Les Forces armées maliennes (FAMa) ont repoussé, ce samedi 4 juillet, une série d’assauts terroristes coordonnés contre cinq positions clés disséminées sur le territoire national. L’État-Major général des armées assure que la situation est « totalement sous contrôle » et qu’aucune de ces positions n’est tombée aux mains des assaillants. Un bilan provisoire, encore susceptible d’évoluer, fait état de plusieurs dizaines de terroristes neutralisés et de pertes dans les rangs des FAMa.
Les cibles visées par les groupes armés sont stratégiques : Aguel-Hoc, Anéfis, Gao, Sévaré et Kénioroba. Ces localités, situées pour la plupart dans le centre et le nord du Mali, constituent des verrous militaires et logistiques essentiels dans la lutte contre l’insurrection djihadiste. Selon le communiqué militaire, la riposte, qualifiée de « coordonnée », a mobilisé des unités terrestres et aériennes, avec l’appui de partenaires étrangers dont la nature et le périmètre d’intervention ne sont pas précisés. À Sévaré, vingt terroristes circulant à motos et à bord de véhicules équipés ont été neutralisés. À Gao, les combats ont été plus meurtriers pour les FAMa, avec un soldat tué et quatre blessés évacués, tandis que six assaillants et un véhicule ont été détruits.
Ces attaques multiples interviennent dans un contexte sécuritaire déjà très dégradé, où les groupes affiliés à Al-Qaïda et à l’État islamique intensifient leurs incursions depuis le début de l’année 2026. La région de Gao et le centre du Mali, en particulier, sont le théâtre d’une guérilla persistante qui exploite les interstices laissés par le retrait progressif de la Minusma et la montée en puissance des FAMa, désormais seules maîtresses de la sécurité nationale après la rupture avec la France et le rapprochement avec la Russie. Les militaires au pouvoir depuis 2020 fondent leur légitimité sur leur capacité à reconquérir l’intégrité territoriale, mais les succès tactiques peinent à se traduire en victoires stratégiques durables.

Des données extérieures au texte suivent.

theorem corollary3p2:
  fixes k :: nat and \<xi> :: complex and f :: "nat \<Rightarrow> real"
  assumes "k \<in> {1, 2}"
    and "\<And>n. f n \<ge> 0"
    and "\<exists>C > 0. \<exists>N :: nat. \<forall>n \<ge> N. f n \<le> C * real n powr (real k / 2)"
  shows "essentially_self_adjoint D0 (opA k \<xi> f)"
proof (rule essentially_self_adjoint_D0I)
  show "opA k \<xi> f u \<in> ell2" if "u \<in> D0" for u
    using opA_D0[OF that] D0_subset_ell2 by blast
  show "ell2_inner (opA k \<xi> f u) v = ell2_inner u (opA k \<xi> f v)" if "u \<in> D0" for u v
    using opA_symmetric[OF that] .
  have "k \<le> 2"
    using assms(1) by auto
  then show "\<exists>X. (\<forall>m. X m \<in> D0) \<and> (\<lambda>m. ell2_norm (X m - y)) \<longlonglongrightarrow> 0
      \<and> (\<lambda>m. ell2_norm (opA k \<xi> f (X m) - opA k \<xi> f y)) \<longlonglongrightarrow> 0"
    if "y \<in> ell2" and "opA k \<xi> f y \<in> ell2" for y
    using opA_cutoff_approx that by blast
qed

end
(* Let $\mathbb{X}$ be a discrete group with identity $\circ$, let $\mu$ be a finitely supported probability measure on $\mathbb{X}$ satisfying (A1) $\mu(xzx^{-1})=\mu(z)$ for all $x,z\in\mathbb{X}$ and (A2) $\mu(z)=\mu(z^{-1})$ for all $z\in\mathbb{X}$, and let $(X_t)_{t\ge0}$ be the continuous-time Markov chain on $\mathbb{X}$ started at $X_0=\circ$ with generator $(Lf)(x)=\sum_{z\in\mathbb{X}}\mu(z)(f(xz)-f(x))$. For $t\ge0$ let $f_t(x):=\mathbb{P}(X_t=x)$. Then for all $t\ge 0$, $$2t\,\mathbb{E}\left[\Gamma\log f_t(X_t)\right]\le\sum_{z\in\mathbb{X}}\mathcal{U}(\mu(z)t).$$
   Context: $\Gamma g(x):=\frac12\sum_{z\in\mathbb{X}}\mu(z)(g(xz)-g(x))^2$. The function $\mathcal{U}\colon[0,\infty)\to[0,\infty)$ is $\mathcal{U}(s):=2s\,\mathbb{E}\left[\log_+^2\left\{\frac{1+N_s}{s}\right\}\right]$ for $s>0$, with $\mathcal{U}(0):=0$, where $\log_+(u)=\max\{\log u,0\}$ and $N_s$ is a Poisson random variable with mean $s$. *)

theory Defs
  imports "HOL-Analysis.Analysis"
begin

text \<open>The group is written additively (type class group_add, not necessarily
commutative): group product x z is x + z, identity is 0, inverse is -z.\<close>

definition supp :: "('a \<Rightarrow> real) \<Rightarrow> 'a set" where
  "supp \<mu> = {z. \<mu> z \<noteq> 0}"
lemma simplex17_transitive: "symmetry_transitive simplex17"
  unfolding symmetry_transitive_def
proof (intro ballI)
  fix x y assume "x \<in> simplex17" "y \<in> simplex17"
  then obtain j k where jk: "j < 17" "k < 17"
    and x: "x = simplex_point (real j * pi / 17)" and y: "y = simplex_point (real k * pi / 17)"
    by (auto simp: simplex17_def)
  \<comment> \<open>\<open>k + 17 - j\<close> rather than \<open>k - j\<close>: subtraction on \<open>nat\<close> truncates\<close>
  define s where "s = real (k + 17 - j) * pi / 17"
  define f where "f U = block_rotation (-5 * s) (15 * s) ** U ** block_rotation (3 * s) (-9 * s)" for U
  have f_point: "f (simplex_point (real n * pi / 17)) = simplex_point (real ((n + (k + 17 - j)) mod 17) * pi / 17)"
    for n
    unfolding f_def simplex_point_shift
    by (subst simplex_point_mod_17[symmetric]) (simp add: s_def field_simps)
  have "SO4_isometry f"
    unfolding f_def by (intro SO4_isometry_sandwich block_rotation_SO4)
  moreover have "f ` simplex17 \<subseteq> simplex17"
    by (auto simp: simplex17_def f_point)
  moreover have "f x = y"
    using jk by (simp add: x y f_point)
  ultimately show "\<exists>f. code_symmetry simplex17 f \<and> f x = y"
    using code_symmetry_if_maps_into simplex17_code by blast
qed

theorem theorem8p1:
  shows "(\<exists>C. is_code C \<and> card C = 17 \<and> regular_simplex C \<and> universally_optimal C
              \<and> symmetry_transitive C)
         \<and> (\<forall>C. regular_simplex C \<longrightarrow> card C \<le> 17)"
proof -
  have "regular_simplex simplex17"
    unfolding regular_simplex_def
    using simplex17_code chordal_dist_sq_simplex17
    by (metis chordal_dist_eq_norm norm_ge_zero real_sqrt_unique)
  moreover have "universally_optimal simplex17"
    using simplex17_code card_simplex17 chordal_dist_sq_simplex17
    by (intro universally_optimal_if_equidistant[of _ 17]) auto
  ultimately show ?thesis
    using simplex17_code card_simplex17 simplex17_transitive card_regular_simplex_le by blast
qed

end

Les opérations de ratissage aériennes et terrestres en cours visent à traquer les éléments en fuite et à prévenir une nouvelle concentration de forces hostiles autour des zones attaquées. Toutefois, la multiplication des fronts et la capacité des groupes djihadistes à frapper simultanément plusieurs localités éloignées posent la question de la profondeur des lignes défensives maliennes. À court terme, l’État-Major devrait communiquer un bilan définitif, mais les observateurs redoutent que ces assauts ne marquent le début d’une campagne de harcèlement plus large, destinée à tester la résilience des FAMa en vue de la saison sèche, traditionnellement plus propice aux mouvements offensifs.
Le bilan provisoire, asymétrique dans sa présentation, mérite une lecture critique. Si les autorités mettent en avant les pertes ennemies, elles reconnaissent pour la première fois avec précision un mort et plusieurs blessés dans leurs propres rangs, ce qui rompt avec la communication souvent minimaliste des années précédentes. Cette transparence relative pourrait répondre à une exigence de crédibilité vis-à-vis d’une opinion publique malienne de plus en plus sensible au coût humain de la guerre, et aux rumeurs qui circulent régulièrement sur les réseaux sociaux. Reste à savoir si les chiffres communiqués résisteront à une vérification indépendante, en l’absence de médiateurs internationaux sur le terrain.
L’évocation, dans le communiqué, d’un « appui des partenaires » sans plus de précision renvoie aux ambiguïtés de la nouvelle architecture sécuritaire malienne. Les FAMa bénéficient aujourd’hui d’un soutien technique et logistique de sociétés militaires privées russes et de drones acquis auprès de plusieurs pays, mais leur autonomie opérationnelle reste partielle. La simultanéité des attaques sur cinq sites aussi éloignés suggère une excellente coordination des groupes terroristes et une connaissance fine des dispositifs de défense. Cela interroge directement la capacité des services de renseignement maliens à anticiper ce type d’offensives, et la pertinence d’un dispositif encore largement réactif plutôt que préventif.
Au-delà du bilan chiffré, ces combats rappellent l’épuisement progressif des effectifs des FAMa, soumis à un rythme opérationnel intense depuis plus de trois ans. Le recrutement et la formation de nouvelles unités peinent à compenser les pertes et la fatigue logistique. La répétition des assauts sur les mêmes localités (Gao et Sévaré ont été frappées à plusieurs reprises en 2025) souligne également l’échec relatif des opérations de « pacification » menées dans l’arrière-pays. Tant que les causes profondes du conflit – marginalisation des régions du Nord et du Centre, absence d’État de droit, économie de prédation – ne seront pas adressées politiquement, les succès tactiques des FAMa resteront des victoires à la Pyrrhus, sans effet durable sur la sécurité des populations civiles.